● REQUIRED WORK: Starting from the line that holds "theory Defs", print each remaining line of the entries exactly, ending with the last.
------ EXERCISE MATERIALS
(* In the Cournot game described in the context, suppose each $J^i$ is twice continuously differentiable and $p(\sigma)=-D\sigma+d$ with $D\in\mathbb{R}^{V\times V}$, $D\succeq0$, $d\in\mathbb{R}^V$. If the communication matrix $T$ is symmetric ($T=T^\top$), then for every even $\nu\in\mathbb{N}$ the operator $F_\nu(x)=[\nabla_{x^i}J^i(x^i,\sigma^i_\nu(x))]_{i=1}^N$ is strongly monotone on $\mathcal{X}$.
   Context: Cournot game: $N$ firms, $V$ markets (nodes of a directed transportation network with $E$ edges and incidence matrix $B\in\{0,1,-1\}^{V\times E}$). Firm $i$ produces at location $\ell_i$; its strategy is $x^i=[t^i;r^i]\in\mathbb{R}^{E+1}_{\ge0}$ ($t^i_e$ transported on edge $e$, $r^i$ total production); sales $y^i=H^ix^i$ with $H^i=[B,e_{\ell_i}]\in\mathbb{R}^{V\times(E+1)}$. Individual constraint $\mathcal{X}^i=\{x^i\in\mathbb{R}^{E+1}_{\ge0}:x^i\le\bar r^i\mathbf{1}_{E+1},\ H^ix^i\ge0\}$, $\bar r^i>0$; $\mathcal{X}=\mathcal{X}^1\times\dots\times\mathcal{X}^N$. Costs $c^i_e(t)=\beta^i_et-\gamma^i_e(t)$, $a^i(r)=\beta^i_ar-\gamma^i_a(r)$, each $\gamma$ strongly concave, increasing, with maximum derivative smaller than the corresponding $\beta$. $J^i(z_1,z_2)=a^i(r^i)+\sum_ec^i_e(t^i_e)-p(z_2)^\top H^iz_1$, $z_1=x^i$. Communication matrix $T\in[0,1]^{N\times N}$, primitive and doubly stochastic. Local aggregate $\sigma^i_\nu(x)=\sum_j[T^\nu]_{ij}H^jx^j$; $\nabla_{x^i}J^i(x^i,\sigma^i_\nu(x))$ is the gradient of $x^i\mapsto J^i(x^i,[T^\nu]_{ii}H^ix^i+\sum_{j\ne i}[T^\nu]_{ij}H^jx^j)$. $D\succeq0$ means $z^\top Dz\ge0$ for all $z$. Strongly monotone: exists $\alpha>0$ with $(F(x)-F(y))^\top(x-y)\ge\alpha\|x-y\|^2$ for all $x,y\in\mathcal{X}$. *)

theory Defs
  imports "HOL-Analysis.Analysis"
begin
------------
● WRITTEN RESPONSE:
theory Defs
  imports "HOL-Analysis.Analysis"
begin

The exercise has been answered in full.